**ACTIVITY**
Go through the records line by line. Report how many lines contain "bool", with nothing else.

Stored data
--------------------

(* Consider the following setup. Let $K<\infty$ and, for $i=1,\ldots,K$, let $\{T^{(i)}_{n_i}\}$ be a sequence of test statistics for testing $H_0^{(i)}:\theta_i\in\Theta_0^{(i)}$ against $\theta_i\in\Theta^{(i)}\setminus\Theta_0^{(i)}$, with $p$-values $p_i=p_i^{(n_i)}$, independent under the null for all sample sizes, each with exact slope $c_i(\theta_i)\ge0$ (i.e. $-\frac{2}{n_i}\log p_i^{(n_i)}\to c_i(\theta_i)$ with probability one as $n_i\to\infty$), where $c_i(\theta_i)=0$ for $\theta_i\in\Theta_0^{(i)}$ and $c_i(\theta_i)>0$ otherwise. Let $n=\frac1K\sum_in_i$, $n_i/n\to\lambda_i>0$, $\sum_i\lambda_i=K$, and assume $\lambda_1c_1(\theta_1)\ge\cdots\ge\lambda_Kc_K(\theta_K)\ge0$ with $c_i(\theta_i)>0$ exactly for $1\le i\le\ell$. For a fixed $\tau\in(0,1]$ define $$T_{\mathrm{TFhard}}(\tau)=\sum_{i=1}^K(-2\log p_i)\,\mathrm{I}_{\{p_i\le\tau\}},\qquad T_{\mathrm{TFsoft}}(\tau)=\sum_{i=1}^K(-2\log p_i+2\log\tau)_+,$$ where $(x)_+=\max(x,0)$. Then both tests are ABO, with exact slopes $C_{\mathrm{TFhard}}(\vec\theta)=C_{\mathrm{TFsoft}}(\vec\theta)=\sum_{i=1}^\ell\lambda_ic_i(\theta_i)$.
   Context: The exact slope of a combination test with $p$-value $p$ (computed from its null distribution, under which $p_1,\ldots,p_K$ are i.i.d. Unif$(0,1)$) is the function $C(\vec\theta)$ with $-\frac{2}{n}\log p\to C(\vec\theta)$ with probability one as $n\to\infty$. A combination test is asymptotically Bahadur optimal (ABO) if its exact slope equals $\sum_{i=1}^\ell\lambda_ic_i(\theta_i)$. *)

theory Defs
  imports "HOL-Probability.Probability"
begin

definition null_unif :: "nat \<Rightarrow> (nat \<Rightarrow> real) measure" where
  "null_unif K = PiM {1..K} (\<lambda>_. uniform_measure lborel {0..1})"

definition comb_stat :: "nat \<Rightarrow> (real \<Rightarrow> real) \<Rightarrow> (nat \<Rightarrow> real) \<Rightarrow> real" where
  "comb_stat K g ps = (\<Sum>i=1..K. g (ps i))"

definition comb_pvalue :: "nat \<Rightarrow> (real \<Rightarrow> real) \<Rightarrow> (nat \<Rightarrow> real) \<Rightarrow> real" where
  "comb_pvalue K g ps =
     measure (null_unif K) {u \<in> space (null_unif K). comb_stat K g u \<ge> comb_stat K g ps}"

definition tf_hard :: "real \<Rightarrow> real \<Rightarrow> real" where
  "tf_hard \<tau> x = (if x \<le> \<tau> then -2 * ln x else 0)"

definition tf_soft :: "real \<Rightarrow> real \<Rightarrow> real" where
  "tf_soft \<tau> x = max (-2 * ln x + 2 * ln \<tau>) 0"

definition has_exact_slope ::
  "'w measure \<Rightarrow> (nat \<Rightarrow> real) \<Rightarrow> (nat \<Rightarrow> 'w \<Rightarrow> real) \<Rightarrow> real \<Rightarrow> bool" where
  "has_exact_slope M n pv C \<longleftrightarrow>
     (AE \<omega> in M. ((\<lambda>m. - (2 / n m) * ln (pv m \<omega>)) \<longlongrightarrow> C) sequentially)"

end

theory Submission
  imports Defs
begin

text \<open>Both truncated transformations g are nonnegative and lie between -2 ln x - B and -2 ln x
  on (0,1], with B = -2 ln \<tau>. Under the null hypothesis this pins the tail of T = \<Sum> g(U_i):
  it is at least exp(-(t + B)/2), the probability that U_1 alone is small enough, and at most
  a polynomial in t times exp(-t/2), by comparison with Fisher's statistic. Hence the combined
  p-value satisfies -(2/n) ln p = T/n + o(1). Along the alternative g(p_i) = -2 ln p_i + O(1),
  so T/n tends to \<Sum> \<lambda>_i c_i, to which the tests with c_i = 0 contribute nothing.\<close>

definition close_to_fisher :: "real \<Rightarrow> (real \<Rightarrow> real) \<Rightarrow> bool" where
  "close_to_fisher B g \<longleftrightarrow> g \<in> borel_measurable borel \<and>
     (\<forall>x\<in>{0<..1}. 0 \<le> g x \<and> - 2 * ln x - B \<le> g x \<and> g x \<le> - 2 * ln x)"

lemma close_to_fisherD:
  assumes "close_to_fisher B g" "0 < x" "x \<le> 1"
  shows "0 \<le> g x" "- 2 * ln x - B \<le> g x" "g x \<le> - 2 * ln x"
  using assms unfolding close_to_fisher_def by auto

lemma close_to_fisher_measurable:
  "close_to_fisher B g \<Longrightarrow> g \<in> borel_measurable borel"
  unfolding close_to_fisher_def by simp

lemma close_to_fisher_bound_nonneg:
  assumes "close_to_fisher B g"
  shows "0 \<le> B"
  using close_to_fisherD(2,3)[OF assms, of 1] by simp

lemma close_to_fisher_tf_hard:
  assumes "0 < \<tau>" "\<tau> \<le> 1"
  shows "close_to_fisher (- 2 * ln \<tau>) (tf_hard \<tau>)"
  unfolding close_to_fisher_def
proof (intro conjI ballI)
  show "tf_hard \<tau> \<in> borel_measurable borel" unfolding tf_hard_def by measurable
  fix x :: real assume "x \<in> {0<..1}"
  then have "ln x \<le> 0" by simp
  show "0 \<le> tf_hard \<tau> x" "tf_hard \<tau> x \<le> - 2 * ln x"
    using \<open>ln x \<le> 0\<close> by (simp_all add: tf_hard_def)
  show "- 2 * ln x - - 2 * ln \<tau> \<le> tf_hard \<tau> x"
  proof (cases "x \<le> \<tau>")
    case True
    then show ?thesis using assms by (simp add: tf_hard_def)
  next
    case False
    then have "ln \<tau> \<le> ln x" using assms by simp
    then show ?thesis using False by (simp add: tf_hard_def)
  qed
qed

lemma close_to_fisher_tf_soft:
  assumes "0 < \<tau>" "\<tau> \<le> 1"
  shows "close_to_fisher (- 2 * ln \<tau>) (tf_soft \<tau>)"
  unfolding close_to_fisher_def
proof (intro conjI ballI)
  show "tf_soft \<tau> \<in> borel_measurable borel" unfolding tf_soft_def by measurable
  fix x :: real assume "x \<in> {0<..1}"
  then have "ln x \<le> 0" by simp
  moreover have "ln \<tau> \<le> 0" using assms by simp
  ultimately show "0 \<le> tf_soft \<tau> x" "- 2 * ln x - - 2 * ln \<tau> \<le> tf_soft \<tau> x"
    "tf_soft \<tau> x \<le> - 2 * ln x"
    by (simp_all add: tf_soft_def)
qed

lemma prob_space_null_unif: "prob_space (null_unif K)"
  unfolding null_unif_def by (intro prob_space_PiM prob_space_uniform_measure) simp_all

--------------------

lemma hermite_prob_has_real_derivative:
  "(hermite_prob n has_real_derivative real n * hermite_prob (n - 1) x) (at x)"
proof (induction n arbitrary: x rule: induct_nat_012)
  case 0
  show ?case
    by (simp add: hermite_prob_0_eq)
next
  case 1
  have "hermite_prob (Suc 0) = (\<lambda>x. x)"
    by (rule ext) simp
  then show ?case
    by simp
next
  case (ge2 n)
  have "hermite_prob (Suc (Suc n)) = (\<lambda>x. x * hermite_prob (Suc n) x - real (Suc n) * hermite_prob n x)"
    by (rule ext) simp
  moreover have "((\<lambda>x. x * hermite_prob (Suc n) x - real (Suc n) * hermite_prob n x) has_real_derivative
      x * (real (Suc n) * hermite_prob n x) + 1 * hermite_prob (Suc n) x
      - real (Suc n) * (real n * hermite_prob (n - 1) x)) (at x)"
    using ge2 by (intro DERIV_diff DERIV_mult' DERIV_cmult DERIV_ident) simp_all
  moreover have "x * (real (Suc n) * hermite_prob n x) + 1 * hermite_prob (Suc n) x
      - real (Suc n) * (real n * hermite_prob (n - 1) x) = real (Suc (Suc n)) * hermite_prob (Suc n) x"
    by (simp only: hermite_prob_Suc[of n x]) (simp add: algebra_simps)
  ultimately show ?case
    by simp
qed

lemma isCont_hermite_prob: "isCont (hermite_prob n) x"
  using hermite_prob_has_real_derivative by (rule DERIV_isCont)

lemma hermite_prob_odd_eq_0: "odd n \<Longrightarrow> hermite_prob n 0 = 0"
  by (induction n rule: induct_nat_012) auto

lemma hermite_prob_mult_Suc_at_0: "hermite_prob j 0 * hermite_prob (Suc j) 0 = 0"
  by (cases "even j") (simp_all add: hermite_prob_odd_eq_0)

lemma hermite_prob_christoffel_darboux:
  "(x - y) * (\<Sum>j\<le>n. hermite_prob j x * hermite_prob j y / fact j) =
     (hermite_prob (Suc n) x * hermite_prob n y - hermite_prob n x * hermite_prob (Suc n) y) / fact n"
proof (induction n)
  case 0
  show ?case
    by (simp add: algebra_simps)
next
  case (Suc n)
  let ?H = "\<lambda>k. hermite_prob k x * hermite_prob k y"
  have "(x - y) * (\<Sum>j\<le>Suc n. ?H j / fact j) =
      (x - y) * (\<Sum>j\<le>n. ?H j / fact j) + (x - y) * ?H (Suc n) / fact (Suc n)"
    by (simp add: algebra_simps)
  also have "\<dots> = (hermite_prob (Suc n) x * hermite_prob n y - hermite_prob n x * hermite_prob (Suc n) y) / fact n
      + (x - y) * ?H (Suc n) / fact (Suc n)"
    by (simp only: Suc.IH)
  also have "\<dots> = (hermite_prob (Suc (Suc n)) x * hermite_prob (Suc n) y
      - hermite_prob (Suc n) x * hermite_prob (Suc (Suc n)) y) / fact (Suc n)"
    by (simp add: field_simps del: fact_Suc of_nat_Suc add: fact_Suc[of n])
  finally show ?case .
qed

--------------------

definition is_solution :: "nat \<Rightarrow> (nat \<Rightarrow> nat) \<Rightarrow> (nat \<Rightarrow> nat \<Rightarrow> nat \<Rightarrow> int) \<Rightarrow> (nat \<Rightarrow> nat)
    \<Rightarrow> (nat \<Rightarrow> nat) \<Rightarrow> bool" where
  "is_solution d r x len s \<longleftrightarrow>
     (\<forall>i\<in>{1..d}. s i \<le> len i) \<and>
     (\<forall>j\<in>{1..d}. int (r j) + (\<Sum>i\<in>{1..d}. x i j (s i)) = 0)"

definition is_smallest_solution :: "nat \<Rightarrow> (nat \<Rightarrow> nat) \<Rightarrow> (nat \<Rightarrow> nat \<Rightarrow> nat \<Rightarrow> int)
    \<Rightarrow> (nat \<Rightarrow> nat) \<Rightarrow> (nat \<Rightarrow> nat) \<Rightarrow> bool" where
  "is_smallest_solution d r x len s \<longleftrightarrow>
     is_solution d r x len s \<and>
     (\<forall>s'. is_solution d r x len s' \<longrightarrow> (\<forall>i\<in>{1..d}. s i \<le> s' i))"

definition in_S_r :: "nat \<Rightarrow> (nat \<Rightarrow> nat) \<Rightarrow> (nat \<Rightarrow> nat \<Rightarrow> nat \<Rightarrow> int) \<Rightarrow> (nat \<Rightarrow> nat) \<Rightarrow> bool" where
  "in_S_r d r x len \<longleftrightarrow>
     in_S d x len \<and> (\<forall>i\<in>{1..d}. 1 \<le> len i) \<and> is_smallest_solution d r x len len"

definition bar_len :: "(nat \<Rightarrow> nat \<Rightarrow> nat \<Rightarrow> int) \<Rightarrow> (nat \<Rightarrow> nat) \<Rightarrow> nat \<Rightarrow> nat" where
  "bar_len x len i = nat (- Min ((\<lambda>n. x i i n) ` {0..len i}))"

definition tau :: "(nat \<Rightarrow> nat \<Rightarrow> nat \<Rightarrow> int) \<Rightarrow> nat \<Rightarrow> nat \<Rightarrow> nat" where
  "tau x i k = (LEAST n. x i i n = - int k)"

--------------------

**RESPONSE TO THE TASK**
5